When we make less extreme modifications to the language processing done for search—like introducing diacritic folding—we can usually look more meaningfully at groups before and after the modification to assess the effect of the group changes.

Old-vs-new groups are presented as follows:

hope >> 2
  o: [152 Hope][23 Hopes][1208 hope][346 hoped][488 hopes]
  n: [152 Hope][1 Hopē][23 Hopes][1208 hope][346 hoped][488 hopes][2 ĥợṕễ]

The first line shows the stem (hope), a pair of arrow heads (>>) indicating whether words were gained or lost by the group, and a number indicating how many gains and/or losses there were (2).

The stem is the form that all of the other words were reduced to. The stem does not have to be the actual root form of the word or even a word at all. However, seeing the stem sometimes makes it easier to understand what the stemmer or other parts of the analysis were trying to do.

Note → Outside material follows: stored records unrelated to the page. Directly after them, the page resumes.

(* Let $\mathfrak{A}=(Q,\Sigma,Q_0,\Delta,F)$ be a non-confluent Büchi automaton with $n=|Q|$ states and let $\mathcal{O}=\{(F_1,b_1),\ldots,(F_k,b_k)\}\subseteq 2^Q\times\mathbb{N}_+$. There exists a deterministic parity automaton $\mathfrak{P}$ over $\Sigma$ such that (1) $\mathfrak{P}$ accepts $w$ if and only if $\mathfrak{A}$ has an accepting run $\rho$ on $w$ such that for every $j\in\{1,\ldots,k\}$ every infix of $\rho$ of length $b_j$ contains at least one state from $F_j$; and (2) $|\mathfrak{P}|\le 2^{(n+1)^2}\cdot\left(\prod_{j=1}^k(b_j+1)\right)^{n}$ and $\mathfrak{P}$ uses at most $2n+1$ priorities.
   Context: A Büchi automaton $(Q,\Sigma,Q_0,\Delta,F)$ has finite state set $Q$, initial states $Q_0$, transitions $\Delta\subseteq Q\times\Sigma\times Q$, and accepts runs $q_0q_1\cdots$ ($q_0\in Q_0$, $(q_m,w_m,q_{m+1})\in\Delta$) visiting $F$ infinitely often. It is non-confluent if for every word $w$ and any two runs $q_0q_1\cdots$ and $q_0'q_1'\cdots$ on $w$, $q_m=q_m'$ implies $q_{m'}=q_{m'}'$ for all $m'<m$. A deterministic parity automaton $(Q',\Sigma,q_0',\delta,c)$ has transition function $\delta\colon Q'\times\Sigma\to Q'$ and priority function $c\colon Q'\to\mathbb{N}$, and accepts a word iff the minimal priority seen infinitely often on its run is even; its size is $|Q'|$ and its number of priorities is $|c(Q')|$. *)

theory Defs
  imports Main
begin

definition omega_word :: "'a set \<Rightarrow> (nat \<Rightarrow> 'a) \<Rightarrow> bool" where
  "omega_word Sig w \<longleftrightarrow> (\<forall>m. w m \<in> Sig)"

definition buchi_wf :: "'q set \<Rightarrow> 'a set \<Rightarrow> 'q set \<Rightarrow> ('q \<times> 'a \<times> 'q) set \<Rightarrow> 'q set \<Rightarrow> bool" where
  "buchi_wf Q Sig Q0 Delta F \<longleftrightarrow> finite Q \<and> finite Sig \<and> Q0 \<subseteq> Q \<and>
     Delta \<subseteq> Q \<times> Sig \<times> Q \<and> F \<subseteq> Q"

definition buchi_run :: "'q set \<Rightarrow> ('q \<times> 'a \<times> 'q) set \<Rightarrow> (nat \<Rightarrow> 'a) \<Rightarrow> (nat \<Rightarrow> 'q) \<Rightarrow> bool" where
  "buchi_run Q0 Delta w \<rho> \<longleftrightarrow> \<rho> 0 \<in> Q0 \<and> (\<forall>m. (\<rho> m, w m, \<rho> (Suc m)) \<in> Delta)"

definition buchi_accepting :: "'q set \<Rightarrow> (nat \<Rightarrow> 'q) \<Rightarrow> bool" where
  "buchi_accepting F \<rho> \<longleftrightarrow> (\<exists>\<^sub>\<infinity> m. \<rho> m \<in> F)"

definition non_confluent :: "'q set \<Rightarrow> ('q \<times> 'a \<times> 'q) set \<Rightarrow> bool" where
  "non_confluent Q0 Delta \<longleftrightarrow>
     (\<forall>w \<rho> \<rho>'. buchi_run Q0 Delta w \<rho> \<longrightarrow> buchi_run Q0 Delta w \<rho>' \<longrightarrow>
        (\<forall>m. \<rho> m = \<rho>' m \<longrightarrow> (\<forall>m'<m. \<rho> m' = \<rho>' m')))"

definition dpa_wf :: "'s set \<Rightarrow> 'a set \<Rightarrow> 's \<Rightarrow> ('s \<Rightarrow> 'a \<Rightarrow> 's) \<Rightarrow> ('s \<Rightarrow> nat) \<Rightarrow> bool" where
  "dpa_wf Q' Sig q0 \<delta> c \<longleftrightarrow> finite Q' \<and> q0 \<in> Q' \<and> (\<forall>q\<in>Q'. \<forall>a\<in>Sig. \<delta> q a \<in> Q')"

fun dpa_run :: "'s \<Rightarrow> ('s \<Rightarrow> 'a \<Rightarrow> 's) \<Rightarrow> (nat \<Rightarrow> 'a) \<Rightarrow> nat \<Rightarrow> 's" where
  "dpa_run q0 \<delta> w 0 = q0"
| "dpa_run q0 \<delta> w (Suc m) = \<delta> (dpa_run q0 \<delta> w m) (w m)"

definition dpa_accepts :: "'s \<Rightarrow> ('s \<Rightarrow> 'a \<Rightarrow> 's) \<Rightarrow> ('s \<Rightarrow> nat) \<Rightarrow> (nat \<Rightarrow> 'a) \<Rightarrow> bool" where
  "dpa_accepts q0 \<delta> c w \<longleftrightarrow> even (Min {p. \<exists>\<^sub>\<infinity> m. c (dpa_run q0 \<delta> w m) = p})"

definition infix_cond :: "(nat \<Rightarrow> 'q) \<Rightarrow> 'q set \<Rightarrow> nat \<Rightarrow> bool" where
  "infix_cond \<rho> G b \<longleftrightarrow> (\<forall>i. \<exists>m\<in>{i..<i+b}. \<rho> m \<in> G)"

end

theory Submission
  imports Defs "HOL-Library.Infinite_Set" "HOL-Library.FuncSet"
begin

(* Call a finite prefix of a run "valid" if it starts in Q0, its last state can still be
   extended to an infinite run, and it has not yet violated any obligation (G, b); the last
   condition is tracked by one counter per obligation that counts the current length of the
   G-free suffix.  By non-confluence, two valid prefixes
   ending in the same state coincide, so the last states of valid prefixes of length
   0, 1, 2, ... form the layers of a forest in which every node has a unique parent.

   Completeness: an accepting branch is tracked forever by
       ever deeper nodes, which is only possible finitely often, so some tracking node turns
       green infinitely often.  Soundness: the node whose greenness gives the minimal priority
       is never removed again; Koenig's lemma yields a branch through it, and between two
       green times the branch passes through F. *)

section \<open>History lists\<close>

text \<open>A history list is a list of sets of states read as a forest in preorder: node j
  is a descendant of an earlier node i if its set is contained in that of node i.\<close>

definition covered :: "'q set list \<Rightarrow> nat \<Rightarrow> 'q set" where
  "covered L i = \<Union>{L!j | j. i < j \<and> j < length L \<and> L!j \<subseteq> L!i}"

definition laminar :: "'q set list \<Rightarrow> bool" where
  "laminar L \<longleftrightarrow> (\<forall>i j. i < j \<longrightarrow> j < length L \<longrightarrow> L!j \<subseteq> L!i \<or> L!i \<inter> L!j = {})"

(* Accepting states of node i not covered by a descendant; they spawn a new child of node i. *)
definition fresh :: "'q set \<Rightarrow> 'q set list \<Rightarrow> nat \<Rightarrow> 'q set" where
  "fresh F L i = (L!i \<inter> F) - covered L i"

In terms of gains and losses:

  • >> indicates that words were gained by the group
  • << indicates that words were lost from the group
  • >< indicates that there were both losses and gains

The o: section (for “old”) shows all the words that shared a stem before the change. The n: section (for “new”) shows all the words that shared a stem after the change. Sharing a stem means that searching for any of the words will find all of the others. (Note that while searching for each word in a group will give the same results, the results could be in a very different order—in particular because exact matches are given more weight.)

The numbers with the word—e.g., [1208 hope] and [1 Hopē]—indicate how many times a given word appears in the text sample. In this case, hope is over a thousand times more common than Hopē. Rare words that are not great matches with the rest of a group are less of a problem because they don’t occur very often. When you search for them, exact matching will usually bring them to the top of the results list.

Problems can arise when more common words are grouped together incorrectly. For example, a grouping like [1208 hope][747 hop] would be worse, because these words don’t belong together, and both words are common.

[For more details about speaker review of modifications to language processing for search, see the Speaker Review Notes.]

Speaker Review: Folding Groups that Lost Members[edit]

The question for speakers of Slovak reviewing the Random Sample is this: would it be bad if searching for the "lost" words no longer found the remaining words, and vice versa?

Random Sample[edit]

Looking at a random sample of the word groups is the best way to see what the typical effects of a modification are. If the majority of changes are good, and any less desirable changes are understandable and acceptable, then overall the modification is good.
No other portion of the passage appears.